### Work order
Reproduce exactly the lines below from the one containing "by (simp add: sum_product mult_ac)" through the one containing "t r. primepow", including both, and nothing else.

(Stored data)
____

lemma generated_substructure:
  assumes U: "is_struct fa ra U" and A: "substructure fa ra A U" and S: "S \<subseteq> carrier A"
  shows "generated fa A S = generated fa U S"
proof -
  have AU: "carrier A \<subseteq> carrier U" "closed_under fa U (carrier A)"
    using A unfolding substructure_def by blast+
  have closed_iff: "closed_under fa A X \<longleftrightarrow> closed_under fa U X" if X: "X \<subseteq> carrier A" for X
  proof -
    have "fun_of A f xs = fun_of U f xs" if "xs \<in> tuples X (fa f)" for f xs
      using A tuples_mono[OF X that] unfolding substructure_def by blast
    then show ?thesis unfolding closed_under_def by auto
  qed
  have GU: "generated fa U S \<subseteq> carrier A"
    using AU S by (intro generated_least) auto
  have GA: "generated fa A S \<subseteq> carrier A"
    using substructure_is_struct[OF A] S by (rule generated_subset_carrier)
  show ?thesis
  proof (rule antisym)
    show "generated fa A S \<subseteq> generated fa U S"
      using GU closed_iff[OF GU] closed_under_generated[of fa U S]
      by (intro generated_least[OF generated_superset]) auto
    show "generated fa U S \<subseteq> generated fa A S"
      using GA AU closed_iff[OF GA] closed_under_generated[of fa A S]
      by (intro generated_least[OF generated_superset]) auto
  qed
qed
lemma exists_orthogonal_residual:
  assumes "finite S"
  shows "\<exists>Z\<in>supported (\<lambda>i j. (i, j) \<in> S). \<forall>W\<in>supported (\<lambda>i j. (i, j) \<in> S).
           minner m n (\<lambda>i j. X i j - mmult k A Z i j) (mmult k A W) = 0"
  using assms
proof (induction S arbitrary: X rule: finite_induct)
  case empty
  have "mmult k A W = (\<lambda>i j. 0)" if "W \<in> supported (\<lambda>i j. (i, j) \<in> {})" for W
    using that by (simp add: supported_def mmult_def)
  then show ?case
    by (intro bexI[of _ "\<lambda>i j. 0"] ballI) (simp_all add: supported_def minner_def)
next
  case (insert e S)
  obtain a b where e: "e = (a, b)"
    by fastforce
  let ?S = "supported (\<lambda>i j. (i, j) \<in> S)"
  let ?E = "single_entry a b"
  obtain Z1 where Z1: "Z1 \<in> ?S"
    and orth1: "\<And>W. W \<in> ?S \<Longrightarrow> minner m n (\<lambda>i j. X i j - mmult k A Z1 i j) (mmult k A W) = 0"
    using insert.IH by blast
  obtain Z2 where Z2: "Z2 \<in> ?S"
    and orth2: "\<And>W. W \<in> ?S \<Longrightarrow> minner m n (\<lambda>i j. mmult k A ?E i j - mmult k A Z2 i j) (mmult k A W) = 0"
    using insert.IH by blast
  define r where "r = (\<lambda>i j. X i j - mmult k A Z1 i j)"
  \<comment> \<open>Gram-Schmidt step: \<open>w\<close> is the component of \<open>A ?E\<close> orthogonal to the span for \<open>S\<close>.\<close>
  define w where "w = (\<lambda>i j. mmult k A ?E i j - mmult k A Z2 i j)"
  obtain t where orth_w: "minner m n (\<lambda>i j. r i j - t * w i j) w = 0"
    using exists_scalar_orthogonal by blast
  define Z where "Z = (\<lambda>i j. Z1 i j + t * (?E i j - Z2 i j))"
  have "?E \<in> supported (\<lambda>i j. (i, j) \<in> insert e S)"
    by (simp add: supported_def single_entry_def e)
  then have Z: "Z \<in> supported (\<lambda>i j. (i, j) \<in> insert e S)"
    unfolding Z_def using supported_mono[OF Z1] supported_mono[OF Z2]
    by (intro supported_add supported_scale supported_diff) auto
  have residual: "(\<lambda>i j. X i j - mmult k A Z i j) = (\<lambda>i j. r i j - t * w i j)"
    by (simp add: Z_def r_def w_def mmult_add_right mmult_diff_right mmult_scale_right algebra_simps)
  have orth_S: "minner m n (\<lambda>i j. r i j - t * w i j) (mmult k A W) = 0" if "W \<in> ?S" for W
    using orth1[OF that] orth2[OF that]
    by (simp add: minner_diff_left minner_scale_left r_def w_def)
  have "mmult k A ?E = (\<lambda>i j. w i j + mmult k A Z2 i j)"
    by (simp add: w_def)
  then have orth_E: "minner m n (\<lambda>i j. r i j - t * w i j) (mmult k A ?E) = 0"
    using orth_w orth_S[OF Z2] by (simp add: minner_add_right)
  show ?case
  proof (intro bexI[OF _ Z] ballI)
    fix W
    assume "W \<in> supported (\<lambda>i j. (i, j) \<in> insert e S)"
    then show "minner m n (\<lambda>i j. X i j - mmult k A Z i j) (mmult k A W) = 0"
      unfolding residual e using orthogonal_supported_insert[OF orth_S orth_E] by blast
  qed
qed

lemma minner_mmult_mmult:
  "minner m n (mmult k2 D Y) (mmult k1 X W) =
   (\<Sum>p<k1. \<Sum>q<k2. (\<Sum>i<m. D i q * cnj (X i p)) * (\<Sum>j<n. Y q j * cnj (W p j)))"
proof -
  let ?f = "\<lambda>i j p q. D i q * Y q j * (cnj (X i p) * cnj (W p j))"
  have "minner m n (mmult k2 D Y) (mmult k1 X W) = (\<Sum>i<m. \<Sum>j<n. \<Sum>p<k1. \<Sum>q<k2. ?f i j p q)"
    unfolding minner_def mmult_def by (simp add: sum_distrib_left sum_distrib_right)
  also have "\<dots> = (\<Sum>i<m. \<Sum>p<k1. \<Sum>q<k2. \<Sum>j<n. ?f i j p q)"
    by (simp add: sum.swap[of _ "{..<n}"])
  also have "\<dots> = (\<Sum>p<k1. \<Sum>q<k2. \<Sum>i<m. \<Sum>j<n. ?f i j p q)"
    by (simp add: sum.swap[of _ "{..<m}"])
  also have "\<dots> = (\<Sum>p<k1. \<Sum>q<k2. (\<Sum>i<m. D i q * cnj (X i p)) * (\<Sum>j<n. Y q j * cnj (W p j)))"
    by (simp add: sum_product mult_ac)
  finally show ?thesis .
qed
definition is_index_code ::
  "nat \<Rightarrow> (nat \<Rightarrow> nat set) \<Rightarrow> nat \<Rightarrow> nat \<Rightarrow> nat \<Rightarrow>
     ((nat \<Rightarrow> nat \<Rightarrow> nat) \<Rightarrow> (nat \<Rightarrow> nat)) \<Rightarrow>
     (nat \<Rightarrow> (nat \<Rightarrow> nat) \<Rightarrow> (nat \<Rightarrow> nat \<Rightarrow> nat) \<Rightarrow> (nat \<Rightarrow> nat)) \<Rightarrow> bool" where
  "is_index_code m A q t r phi psi \<longleftrightarrow>
     (\<forall>x\<in>msgs q t m. phi x \<in> vecs q r) \<and>
     (\<forall>i\<in>{1..m}. \<forall>x\<in>msgs q t m. psi i (phi x) (side_info A i x) = x i)"

definition has_index_code :: "nat \<Rightarrow> (nat \<Rightarrow> nat set) \<Rightarrow> nat \<Rightarrow> nat \<Rightarrow> nat \<Rightarrow> bool" where
  "has_index_code m A q t r \<longleftrightarrow> (\<exists>phi psi. is_index_code m A q t r phi psi)"

definition beta_opt :: "nat \<Rightarrow> (nat \<Rightarrow> nat set) \<Rightarrow> real" where
  "beta_opt m A = Inf {real r / real t | q t r. primepow q \<and> t \<ge> 1 \<and> has_index_code m A q t r}"

definition Bset :: "nat \<Rightarrow> (nat \<Rightarrow> nat set) \<Rightarrow> nat \<Rightarrow> nat set" where
  "Bset m A i = {1..m} - (A i \<union> {i})"

(* A 0/1 matrix with columns indexed by [m] is a list of rows; row a is the set of
   columns carrying a 1.  mcm rows L = mcm of the submatrix of all these rows and
   columns L: maximum number of 1-entries in distinct rows and distinct columns. *)
definition mcm :: "nat set list \<Rightarrow> nat set \<Rightarrow> nat" where
  "mcm rows L = Max {card M | M. M \<subseteq> {(a, c). a < length rows \<and> c \<in> L \<and> c \<in> rows ! a}
                                 \<and> inj_on fst M \<and> inj_on snd M}"
lemma regular_on_inverse: "regular_on D (\<lambda>z. inverse (poly D z))"
  unfolding regular_on_def by (rule exI[of _ 1], rule exI[of _ 1]) simp

lemma regular_on_add:
  assumes "regular_on D f" "regular_on D g"
  shows "regular_on D (\<lambda>z. f z + g z)"
proof -
  obtain k1 r1 where 1: "\<forall>z. poly D z \<noteq> 0 \<longrightarrow> poly D z ^ k1 * f z = poly r1 z"
    using assms(1) regular_on_def by auto
  obtain k2 r2 where 2: "\<forall>z. poly D z \<noteq> 0 \<longrightarrow> poly D z ^ k2 * g z = poly r2 z"
    using assms(2) regular_on_def by auto
  have "poly D z ^ (k1 + k2) * (f z + g z) = poly (D ^ k2 * r1 + D ^ k1 * r2) z"
    if "poly D z \<noteq> 0" for z
  proof -
    have "poly D z ^ (k1 + k2) * (f z + g z) =
          poly D z ^ k2 * (poly D z ^ k1 * f z) + poly D z ^ k1 * (poly D z ^ k2 * g z)"
      by (simp add: power_add algebra_simps)
    also have "\<dots> = poly (D ^ k2 * r1 + D ^ k1 * r2) z" using 1 2 that by (simp add: poly_power)
    finally show ?thesis .
  qed
  then show ?thesis unfolding regular_on_def by blast
qed

lemma regular_on_mult:
  assumes "regular_on D f" "regular_on D g"
  shows "regular_on D (\<lambda>z. f z * g z)"
proof -
  obtain k1 r1 where 1: "\<forall>z. poly D z \<noteq> 0 \<longrightarrow> poly D z ^ k1 * f z = poly r1 z"
    using assms(1) regular_on_def by auto
  obtain k2 r2 where 2: "\<forall>z. poly D z \<noteq> 0 \<longrightarrow> poly D z ^ k2 * g z = poly r2 z"
    using assms(2) regular_on_def by auto
  have "poly D z ^ (k1 + k2) * (f z * g z) = poly (r1 * r2) z" if "poly D z \<noteq> 0" for z
  proof -
    have "poly D z ^ (k1 + k2) * (f z * g z) = (poly D z ^ k1 * f z) * (poly D z ^ k2 * g z)"
      by (simp add: power_add algebra_simps)
    also have "\<dots> = poly (r1 * r2) z" using 1 2 that by simp
    finally show ?thesis .
  qed
  then show ?thesis unfolding regular_on_def by blast
qed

____

### Response box
    by (simp add: sum_product mult_ac)
  finally show ?thesis .
qed
definition is_index_code ::
  "nat \<Rightarrow> (nat \<Rightarrow> nat set) \<Rightarrow> nat \<Rightarrow> nat \<Rightarrow> nat \<Rightarrow>
     ((nat \<Rightarrow> nat \<Rightarrow> nat) \<Rightarrow> (nat \<Rightarrow> nat)) \<Rightarrow>
     (nat \<Rightarrow> (nat \<Rightarrow> nat) \<Rightarrow> (nat \<Rightarrow> nat \<Rightarrow> nat) \<Rightarrow> (nat \<Rightarrow> nat)) \<Rightarrow> bool" where
  "is_index_code m A q t r phi psi \<longleftrightarrow>
     (\<forall>x\<in>msgs q t m. phi x \<in> vecs q r) \<and>
     (\<forall>i\<in>{1..m}. \<forall>x\<in>msgs q t m. psi i (phi x) (side_info A i x) = x i)"

definition has_index_code :: "nat \<Rightarrow> (nat \<Rightarrow> nat set) \<Rightarrow> nat \<Rightarrow> nat \<Rightarrow> nat \<Rightarrow> bool" where
  "has_index_code m A q t r \<longleftrightarrow> (\<exists>phi psi. is_index_code m A q t r phi psi)"

definition beta_opt :: "nat \<Rightarrow> (nat \<Rightarrow> nat set) \<Rightarrow> real" where
  "beta_opt m A = Inf {real r / real t | q t r. primepow q \<and> t \<ge> 1 \<and> has_index_code m A q t r}"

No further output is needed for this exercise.